Symbol-Aware Emitter Fingerprinting
The Symbol-Aware Emitter Fingerprinting (SAEF) algorithm uniquely identifies mass produced radio emitters that share the same frequency and protocol. Manufacturing variation in analog components naturally leads to a small measure of overall uniqueness in such devices. SAEF is able to find data symbol locations within RF data and exploit these high energy transition points, significantly enhancing fingerprint uniqueness.

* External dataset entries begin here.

lemma matched_pair_iff_manin_triple:
  "matched_pair sc br phi sc brd phid rho rho' \<longleftrightarrow> (\<exists>K Phi. manin_triple_sum K Phi Bform br phi brd phid)"
proof
  assume "matched_pair sc br phi sc brd phid rho rho'"
  then show "\<exists>K Phi. manin_triple_sum K Phi Bform br phi brd phid"
    using hom_lie_double_iff_matched_pair manin_triple_double by blast
next
  assume "\<exists>K Phi. manin_triple_sum K Phi Bform br phi brd phid"
  then obtain K Phi where "manin_triple_sum K Phi Bform br phi brd phid"
    by blast
  then have "hom_lie psc double_bracket (map_prod phi phid)"
    using manin_triple_sumD(1) manin_triple_unique by metis
  then show "matched_pair sc br phi sc brd phid rho rho'"
    using hom_lie_double_iff_matched_pair by blast
qed

end

theorem theorem3p12:
  fixes br brd :: "('n::finite \<Rightarrow> 'k::field) \<Rightarrow> ('n \<Rightarrow> 'k) \<Rightarrow> ('n \<Rightarrow> 'k)"
    and phi :: "('n \<Rightarrow> 'k) \<Rightarrow> ('n \<Rightarrow> 'k)"
  assumes "hom_lie sc br phi" and "weakly_involutive br phi"
    and "hom_lie sc brd (dual_map phi)" and "weakly_involutive brd (dual_map phi)"
  shows "(hom_lie_bialgebra br phi brd \<longleftrightarrow>
            matched_pair sc br phi sc brd (dual_map phi) (adc br phi) (adcd brd phi))
       \<and> (matched_pair sc br phi sc brd (dual_map phi) (adc br phi) (adcd brd phi) \<longleftrightarrow>
            (\<exists>K Phi. manin_triple_sum K Phi Bform br phi brd (dual_map phi)))"
proof -
  interpret hom_lie_dual_pair br brd phi
    using assms by unfold_locales
  show ?thesis
    using hom_lie_bialgebra_iff_matched_pair matched_pair_iff_manin_triple by blast
qed

end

Symbol-Aware Emitter Fingerprinting (SAEF) starts by finding the data symbols being communicated by radio emitters, identifying the segments of RF data for each symbol. As an emitter converts electricity to RF energy, component variation changes how fast conversion happens and how it over- and under-shoots ideal RF energy levels, especially at symbol transitions where energy flow is at a maximum. Knowing where the data symbols start and stop, SAEF looks for the repeating energy transfer pattern.
SAEF generates two metrics that, together, fingerprint the emitter. The first is a measure of the consistency of the over/under-shoots within a symbol, giving a score sensitive to the subtle shape of the symbols. A second metric responds to the overall power stability, giving a description of the incoming power and physical placement variation. When plotted with the two metrics as axis values, the emitters are distinct. Below are test results comparing four emitters (two mass-produced radios each tested on two mass-produced antennas). In the test data, SAEF’s symbol awareness makes possible unambiguous identification of emitters, even those that are mass-produced.

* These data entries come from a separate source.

lemma eventually_below_or_above_if_upcrossings_bounded:
  assumes "\<And>n. real (upcrossings u a b n) \<le> K"
  shows "eventually (\<lambda>n. u n < b) sequentially \<or> eventually (\<lambda>n. a < u n) sequentially"
proof -
  let ?U = "range (upcrossings u a b)"
  have "upcrossings u a b n \<le> nat \<lceil>K\<rceil>" for n
    by (metis assms ceiling_mono ceiling_of_nat nat_int nat_mono)
  then have "?U \<subseteq> {..nat \<lceil>K\<rceil>}"
    by auto
  then have "finite ?U" by (rule finite_subset) simp
  then obtain m where m: "upcrossings u a b m = Max ?U"
    using Max_in by fastforce
  have eventually_constant: "upcrossings u a b n = upcrossings u a b m" if "m \<le> n" for n
    using upcrossings_mono[OF that, of u a b] Max_ge[OF \<open>finite ?U\<close>, of "upcrossings u a b n"] m
    by simp
  have stays_armed: "upcrossing_armed u a b (Suc n) \<or> \<not> upcrossing_armed u a b n"
    if "m \<le> n" for n
    using eventually_constant[of n] eventually_constant[of "Suc n"] that by (auto split: if_splits)
  show ?thesis
  proof (cases "\<exists>n\<ge>m. upcrossing_armed u a b n")
    case True
    then obtain n where n: "m \<le> n" "upcrossing_armed u a b n" by blast
    have "upcrossing_armed u a b k" if "n \<le> k" for k
      using that
    proof (induction k rule: dec_induct)
      case (step k)
      then show ?case using stays_armed[of k] n(1) by simp
    qed (fact n(2))
    then have "u (Suc k) < b" if "n \<le> k" for k
      using that by (metis le_SucI upcrossing_armed.simps(2))
    then have "eventually (\<lambda>k. u k < b) sequentially"
      by (intro eventually_sequentiallyI[of "Suc n"]) (metis Suc_le_D Suc_le_mono)
    then show ?thesis ..
  next
    case False
    then have "a < u (Suc k)" if "m \<le> k" for k
      using that by (metis le_SucI not_le upcrossing_armed.simps(2))
    then have "eventually (\<lambda>k. a < u k) sequentially"
      by (intro eventually_sequentiallyI[of "Suc m"]) (metis Suc_le_D Suc_le_mono)
    then show ?thesis ..
  qed
qed

lemma convergent_if_no_oscillation_across_rationals:
  fixes u :: "nat \<Rightarrow> real"
  assumes nonneg: "\<And>n. 0 \<le> u n"
    and no_oscillation: "\<And>a b. a \<in> \<rat> \<Longrightarrow> b \<in> \<rat> \<Longrightarrow> a < b \<Longrightarrow>
      eventually (\<lambda>n. u n < b) sequentially \<or> eventually (\<lambda>n. a < u n) sequentially"
    and not_at_top: "\<not> filterlim u at_top sequentially"
  shows "convergent u"
proof -
  define S where "S = {q \<in> \<rat>. eventually (\<lambda>n. q < u n) sequentially}"
  have "-1 \<in> S"
    using nonneg by (auto simp: S_def intro!: always_eventually) (smt (verit))
  have "bdd_above S"
  proof (rule ccontr)
    assume "\<not> bdd_above S"
    then have "eventually (\<lambda>n. Z \<le> u n) sequentially" for Z
      unfolding bdd_above_def S_def by (auto elim!: allE[of _ Z] elim: eventually_mono)
    then show False
      using not_at_top by (simp add: filterlim_at_top)
  qed
  have "u \<longlonglongrightarrow> Sup S"
  proof (rule order_tendstoI)
    fix c assume "c < Sup S"
    then obtain q where "q \<in> S" "c < q"
      using less_cSupD[of S c] \<open>-1 \<in> S\<close> by blast
    then show "eventually (\<lambda>n. c < u n) sequentially"
      unfolding S_def by (auto elim: eventually_mono)
  next
    fix c assume "Sup S < c"
    obtain q1 where q1: "q1 \<in> \<rat>" "Sup S < q1" "q1 < c"
      using Rats_dense_in_real[OF \<open>Sup S < c\<close>] by blast
    obtain q2 where q2: "q2 \<in> \<rat>" "q1 < q2" "q2 < c"
      using Rats_dense_in_real[OF \<open>q1 < c\<close>] by blast
    have "q1 \<notin> S"
      using cSup_upper[OF _ \<open>bdd_above S\<close>, of q1] q1 by auto
    then have "eventually (\<lambda>n. u n < q2) sequentially"
      using no_oscillation[OF q1(1) q2(1,2)] q1(1) by (auto simp: S_def)
    then show "eventually (\<lambda>n. u n < c) sequentially"
      using q2 by (auto elim: eventually_mono)
  qed
  then show ?thesis by (rule convergentI)
qed

lemma tendsto_zero_if_ratio_frequently_far_from_one:
  fixes u :: "nat \<Rightarrow> real"
  assumes "\<And>n. 0 \<le> u n" and "convergent u" and "0 < \<epsilon>"
    and far: "frequently (\<lambda>t. \<epsilon> < \<bar>u (Suc t) / u t - 1\<bar>) sequentially"
  shows "u \<longlonglongrightarrow> 0"
proof -
  obtain L where L: "u \<longlonglongrightarrow> L"
    using \<open>convergent u\<close> by (auto simp: convergent_def)
  have "L = 0"
  proof (rule ccontr)
    assume "L \<noteq> 0"
    moreover have "0 \<le> L"
      using L assms(1) by (intro LIMSEQ_le_const) auto
    ultimately have "(\<lambda>t. u (Suc t) / u t) \<longlonglongrightarrow> L / L"
      by (intro tendsto_divide LIMSEQ_Suc L) auto
    then have "(\<lambda>t. u (Suc t) / u t) \<longlonglongrightarrow> 1"
      using \<open>L \<noteq> 0\<close> by simp
    then have "eventually (\<lambda>t. \<not> \<epsilon> < \<bar>u (Suc t) / u t - 1\<bar>) sequentially"
      by (rule eventually_mono[OF tendstoD[OF _ \<open>0 < \<epsilon>\<close>]]) (auto simp: dist_real_def)
    then show False
      using far by (simp add: frequently_def)
  qed
  then show ?thesis using L by simp
qed

text \<open>If \<open>\<integral>\<^sub>A f = \<integral>\<^sub>A g\<close> for all \<open>A \<in> G\<close>, the densities \<open>f\<close> and \<open>g\<close> induce the same measure on
  \<open>G\<close>, so \<open>\<integral> h f = \<integral> h g\<close> for every \<open>G\<close>-measurable \<open>h \<ge> 0\<close>.\<close>

lemma nn_integral_mult_eq_from_indicators:
  assumes G: "subalgebra M G"
    and [measurable]: "f \<in> borel_measurable M" "g \<in> borel_measurable M"
    and eq: "\<And>A. A \<in> sets G \<Longrightarrow>
      (\<integral>\<^sup>+x. indicator A x * f x \<partial>M) = (\<integral>\<^sup>+x. indicator A x * g x \<partial>M)"
    and h: "h \<in> borel_measurable G"
  shows "(\<integral>\<^sup>+x. h x * f x \<partial>M) = (\<integral>\<^sup>+x. h x * g x \<partial>M)"
proof -
  have [measurable]: "h \<in> borel_measurable M"
    using G h by (rule measurable_from_subalg)
  have sub: "subalgebra (density M k) G" for k
    using G by (simp add: subalgebra_def)
  have restr: "(\<integral>\<^sup>+x. h x * k x \<partial>M) = integral\<^sup>N (restr_to_subalg (density M k) G) h"
    if [measurable]: "k \<in> borel_measurable M" for k
  proof -
    have "integral\<^sup>N (restr_to_subalg (density M k) G) h = integral\<^sup>N (density M k) h"
    proof (rule nn_integral_subalgebra)
      show "h \<in> borel_measurable (restr_to_subalg (density M k) G)"
        using h by (simp add: measurable_cong_sets[OF sets_restr_to_subalg[OF sub]])
    qed (use sub[of k] in \<open>auto simp: sets_restr_to_subalg space_restr_to_subalg
          emeasure_restr_to_subalg subalgebra_def\<close>)
    then show ?thesis by (simp add: nn_integral_density mult.commute)
  qed
  have "restr_to_subalg (density M f) G = restr_to_subalg (density M g) G"
  proof (rule measure_eqI)
    fix A assume "A \<in> sets (restr_to_subalg (density M f) G)"
    then have A: "A \<in> sets G" by (simp add: sets_restr_to_subalg sub)
    then have [measurable]: "A \<in> sets M" using G by (auto simp: subalgebra_def)
    show "emeasure (restr_to_subalg (density M f) G) A = emeasure (restr_to_subalg (density M g) G) A"
      using eq[OF A] by (simp add: emeasure_restr_to_subalg[OF sub A] emeasure_density mult.commute)
  qed (simp add: sets_restr_to_subalg sub)
  then show ?thesis by (simp add: restr)
qed

lemma borel_measurable_extend_by_zero:
  fixes f :: "'a \<Rightarrow> real"
  assumes [measurable]: "n \<in> measurable G (count_space UNIV)"
    and "f \<in> borel_measurable (restrict_space G {x. i < n x})"
  shows "(\<lambda>x. if i < n x then f x else 0) \<in> borel_measurable G"
proof -
  have "{x \<in> space G. i < n x} \<in> sets G"
    by measurable
  then have "{x. i < n x} \<inter> space G \<in> sets G"
    by (simp add: Int_def conj_commute)
  then have "(\<lambda>x. indicator {x. i < n x} x *\<^sub>R f x) \<in> borel_measurable G"
    using assms(2) by (subst (asm) borel_measurable_restrict_space_iff)
  moreover have "(\<lambda>x. indicator {x. i < n x} x *\<^sub>R f x) = (\<lambda>x. if i < n x then f x else 0)"
    by (auto simp: indicator_def)
  ultimately show ?thesis by simp
qed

Fingerprint changes are correlated to physical changes in the emitter radio, amplifier, antenna, and supplied power. Changes can indicate damage, evasion, or power diversion ahead of an attack. With a known emitter, such as an adversary satellite, a fingerprint can be cataloged during benign operation and compared to current data for indication of mode change or equipment degradation.
With SAEF, it is possible to detect and count the number of approaching mesh-networked drones, count the number of cell phones in a building, verify the identity of a device sending commands, or even count the number of nearby soldiers wearing man-portable data systems.
Civilian uses include identifying contraband cell phones, estimating crowd size, intruder detection, verifying IoT command authenticity, and quickly detecting movement surges in protest groups.